Я все еще легко "читаю" это все по морщинке между бровей, по играющим на скулах желвакам, по ледяному взгляду, по сжатым в тонкую линию губам...
Но в моем сердце отчего-то нет радости, нет триумфа!
Мне больно. Мне страшно. Но боли гораздо, гораздо больше, чем страха!
И я, естественно, вру:
-Эмиль - не твой сын!
-А чей? - Изменщик "стреляет" в меня обжигающим взглядом, но голос его звучит спокойно. Обманчиво спокойно.
-Это только моё дело. Моё и отца Эмиля!
В глаза ему не смотрю. Потому что боюсь, что он поймёт, сумеет определить, что вру!
Леон ему рассказал? Или нет... Ведь получается, что Гордей был шокирован, когда увидел Эми. Значит, скорее всего, Леон просто обманом заманил меня на встречу с Гордеем! Но про сына не сказал.
Хотя какой теперь смысл выяснять, кто виноват, если это уже случилось, если Трофимов узнал правду?
Рассматривает Эмиля. Придирчиво. Внимательно. Словно ищет общие с собой черты.
-Значит, смотри. Мы сделаем тест на отцовство.
-Нет! - кричу испуганно.
-Мама! - пугается и Эмиль.
-Не надо орать при ребёнке! - холодно цедит Изменщик, не глядя на меня. - Завтра вечером я подъеду к твоему дому. Ты выйдешь. Сядешь в машину. И мы поговорим.
-Нам не о чем...
-Нам есть о чем!
Молчим. Он рассматривает сына.
Горло сжимается спазмом. Только не плакать! Только бы не заплакать!

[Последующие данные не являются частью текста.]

lemma derived_Suc_subset_centralizer:
  assumes "CHAR('k) = 0" and "derived scale br (Suc (Suc j)) \<subseteq> centralizer br a"
  shows "derived scale br (Suc j) \<subseteq> centralizer br a"
proof -
  have br_mem: "br b x \<in> centralizer br a" if b: "b \<in> derived scale br (Suc j)" for b x
  proof -
    have "br b x \<in> derived scale br (Suc j)"
      using br_mem_derived[OF b] subspace_neg[OF subspace_derived] br_anticomm[of b x] by metis
    then have "br b (br b x) \<in> centralizer br a"
      using assms(2) br_mem_derived_Suc[OF b] by blast
    then show ?thesis
      by (rule mem_centralizer_if_br_br_mem[OF assms(1)])
  qed
  have "span {br u v | u v. u \<in> derived scale br j \<and> v \<in> derived scale br j} \<subseteq> centralizer br a"
  proof (rule span_minimal[OF _ subspace_centralizer], clarify)
    fix u v
    assume "u \<in> derived scale br j" "v \<in> derived scale br j"
    then have "br (br u v) u \<in> centralizer br a"
      using br_mem br_mem_derived_Suc by blast
    then have "br u (br u v) \<in> centralizer br a"
      using subspace_neg[OF subspace_centralizer] br_anticomm[of u "br u v"] by metis
    then show "br u v \<in> centralizer br a"
      by (rule mem_centralizer_if_br_br_mem[OF assms(1)])
  qed
  then show ?thesis
    by simp
qed

lemma derived_one_subset_centralizer:
  assumes "CHAR('k) = 0" and "lie_solvable scale br"
  shows "derived scale br 1 \<subseteq> centralizer br a"
proof -
  obtain m where m: "derived scale br m = {0}"
    using assms(2) unfolding lie_solvable_def by blast
  have "m \<noteq> 0"
    using m a_nonzero by (metis derived.simps(1) UNIV_I singletonD)
  then have "1 \<le> m"
    by simp
  then show ?thesis
  proof (induct rule: inc_induct)
    case base
    show ?case
      using m subspace_0[OF subspace_centralizer] by simp
  next
    case (step n)
    then obtain j where "n = Suc j"
      by (metis Suc_le_D One_nat_def)
    then show ?case
      using step.hyps(3) derived_Suc_subset_centralizer[OF assms(1)] by blast
  qed
qed

context
  fixes x :: 'l
  assumes x: "x \<notin> centralizer br a"
begin

lemma x_nonzero: "x \<noteq> 0"
  using x subspace_0[OF subspace_centralizer] by blast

Но они так похожи! Волосы, черты лица, цвет глаз... Тут хоть ври, хоть нет - всё понятно! И тест не нужен. Всё очевидно!
А ведь мы могли бы быть счастливой семьёй. Эмиль мог бы звать папой своего настоящего отца, а не пытаться "пристроить" это слово то к Айнуру, то к Никите, то к другим мужчинам из нашего окружения...
-Я не приду, Гордей, - спокойно говорю ему.

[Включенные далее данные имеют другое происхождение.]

lemma AE_nonpos_derivative_local_increment_bounds:
  fixes f :: "real \<Rightarrow> real"
  assumes "AE x in lborel. a < x \<and> x < b \<longrightarrow> (\<exists>D. (f has_real_derivative D) (at x) \<and> D \<le> 0)"
    and "\<eta> > 0"
  obtains B d where "negligible B" "\<forall>x\<in>{a..b} - B. d x > 0 \<and>
      (\<forall>u v. x - d x < u \<and> u \<le> x \<and> x \<le> v \<and> v < x + d x \<longrightarrow> f v - f u \<le> \<eta> * (v - u))"
proof -
  obtain N where N: "{x \<in> space lborel. \<not> (a < x \<and> x < b \<longrightarrow>
        (\<exists>D. (f has_real_derivative D) (at x) \<and> D \<le> 0))} \<subseteq> N"
      "emeasure lborel N = 0" "N \<in> sets lborel"
    using assms(1) by (rule AE_E)
  define B where "B = insert a (insert b N)"
  have "N \<in> null_sets lebesgue"
    using N(2,3) by (intro null_sets_completionI) (auto intro: null_setsI)
  hence "negligible B" unfolding B_def by (simp add: negligible_iff_null_sets)
  have "\<exists>d>0. \<forall>u v. x - d < u \<and> u \<le> x \<and> x \<le> v \<and> v < x + d \<longrightarrow> f v - f u \<le> \<eta> * (v - u)"
    if "x \<in> {a..b} - B" for x
  proof -
    from that have "a < x" "x < b" "x \<notin> N" unfolding B_def by auto
    then obtain D where "(f has_real_derivative D) (at x)" "D \<le> 0" using N(1) by auto
    thus ?thesis using nonpos_derivative_local_increment_bound \<open>\<eta> > 0\<close> by blast
  qed
  then obtain d where "\<forall>x\<in>{a..b} - B. d x > 0 \<and> (\<forall>u v. x - d x < u \<and> u \<le> x \<and> x \<le> v \<and>
      v < x + d x \<longrightarrow> f v - f u \<le> \<eta> * (v - u))"
    using bchoice[of "{a..b} - B"] by (metis (no_types, lifting))
  with \<open>negligible B\<close> show thesis by (rule that)
qed

text \<open>At tags outside the null set the derivative bounds each increment by \<open>\<eta>\<close> times the length;
  the intervals with tags in the null set have small total length, so absolute continuity bounds
  their increments by \<open>\<epsilon>\<close>.\<close>
lemma ac_on_interval_nonpos_derivative_increment_le:
  fixes f :: "real \<Rightarrow> real"
  assumes ac: "ac_on_interval a b f" and "a \<le> b"
    and deriv: "AE x in lborel. a < x \<and> x < b \<longrightarrow> (\<exists>D. (f has_real_derivative D) (at x) \<and> D \<le> 0)"
    and "\<eta> > 0" "\<epsilon> > 0"
  shows "f b - f a \<le> \<eta> * (b - a) + \<epsilon>"
proof -
  obtain B d where "negligible B" and d: "\<forall>x\<in>{a..b} - B. d x > 0 \<and>
      (\<forall>u v. x - d x < u \<and> u \<le> x \<and> x \<le> v \<and> v < x + d x \<longrightarrow> f v - f u \<le> \<eta> * (v - u))"
    using AE_nonpos_derivative_local_increment_bounds[OF deriv \<open>\<eta> > 0\<close>] .
  obtain \<delta> where "\<delta> > 0" and ac_small: "\<forall>P Q. P tagged_division_of {a..b} \<and> Q \<subseteq> P \<and>
      (\<Sum>(x, K)\<in>Q. content K) < \<delta> \<longrightarrow> (\<Sum>(x, K)\<in>Q. f (Sup K) - f (Inf K)) < \<epsilon>"
    using ac_on_interval_tagged_division[OF ac \<open>\<epsilon> > 0\<close>] by blast
  define \<gamma> where "\<gamma> x = ball x (if x \<in> {a..b} - B then d x else 1)" for x
  have "gauge \<gamma>" using d unfolding gauge_def \<gamma>_def by auto
  obtain P where P: "P tagged_division_of {a..b}" "\<gamma> fine P"
    and small: "(\<Sum>(x, K)\<in>{(x, K) \<in> P. x \<in> B}. content K) < \<delta>"
    using negligible_tags_fine_division[OF \<open>negligible B\<close> \<open>gauge \<gamma>\<close> \<open>\<delta> > 0\<close>] .
  define Q where "Q = {(x, K) \<in> P. x \<in> B}"
  have finP: "finite P" using tagged_division_of_finite[OF P(1)] .
  have QP: "Q \<subseteq> P" unfolding Q_def by auto
  have good: "f (Sup K) - f (Inf K) \<le> \<eta> * content K" if "(x, K) \<in> P - Q" for x K
  proof (rule tagged_increment_le_if_local_bound[OF P(1)])
    have x: "x \<in> {a..b} - B"
      using that tagged_division_of_real_interval[OF P(1), of x K] unfolding Q_def by auto
    show "(x, K) \<in> P" using that by blast
    have "K \<subseteq> \<gamma> x" using P(2) that unfolding fine_def by blast
    thus "K \<subseteq> ball x (d x)" using x unfolding \<gamma>_def by simp
    show "\<forall>u v. x - d x < u \<and> u \<le> x \<and> x \<le> v \<and> v < x + d x \<longrightarrow> f v - f u \<le> \<eta> * (v - u)"
      using d x by blast
  qed
  have bad: "(\<Sum>(x, K)\<in>Q. f (Sup K) - f (Inf K)) < \<epsilon>"
    using ac_small P(1) QP small unfolding Q_def by blast
  have "f b - f a = (\<Sum>(x, K)\<in>P. f (Sup K) - f (Inf K))"
    using additive_tagged_division_1[OF \<open>a \<le> b\<close> P(1), of f] by simp
  also have "\<dots> = (\<Sum>(x, K)\<in>P - Q. f (Sup K) - f (Inf K)) + (\<Sum>(x, K)\<in>Q. f (Sup K) - f (Inf K))"
    using sum.subset_diff[OF QP finP] by simp
  also have "\<dots> \<le> (\<Sum>(x, K)\<in>P - Q. \<eta> * content K) + \<epsilon>"
    using good bad by (intro add_mono sum_mono) auto
  also have "(\<Sum>(x, K)\<in>P - Q. \<eta> * content K) \<le> (\<Sum>(x, K)\<in>P. \<eta> * content K)"
    using finP \<open>\<eta> > 0\<close> by (intro sum_mono2) auto
  also have "\<dots> = \<eta> * (b - a)"
    using additive_content_tagged_division[of P a b] P(1) \<open>a \<le> b\<close>
    by (simp add: sum_distrib_left[symmetric] case_prod_unfold)
  finally show ?thesis by simp
qed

-А ты знаешь, может, и правда, это ни к чему! Ну, о чем нам с тобой после такого разговаривать? После такой подлости твоей!
Задыхаюсь от возмущения! Я виновата? Я? А ты, значит, белый и пушистый?
-Но общаться с ребенком я имею право! Ты до завтра подумай и ответь мне только на один вопрос - позволишь нам с ним общаться без скандала или мне выбивать это разрешение через суд? А я выбью, даже не сомневайся! И ни Айнур, ни хахаль твой... никто тебе не поможет! Выходите из машины! И только попробуй не спуститься ко мне завтра!
Сидим. Снова молча.
У меня в мыслях такой бардак! Такие глупости, несоответствия, такой бред! На меня, как волнами, накатывает невыносимое, невозможное - уткнуться лбом в его плечо, пальцами коснуться скулы... И пусть всё забудется, сотрется из памяти. Господи, а можно мне амнезию на небольшой отрезок времени? Можно?
Я так безумно соскучилась!
Каждая чёрточка его лица - близкая и родная! Разве что морщинки на лбу прорисовываются чётче, скулы стали острее, а на подбородке незнакомая мне из нашей совместной жизни щетина.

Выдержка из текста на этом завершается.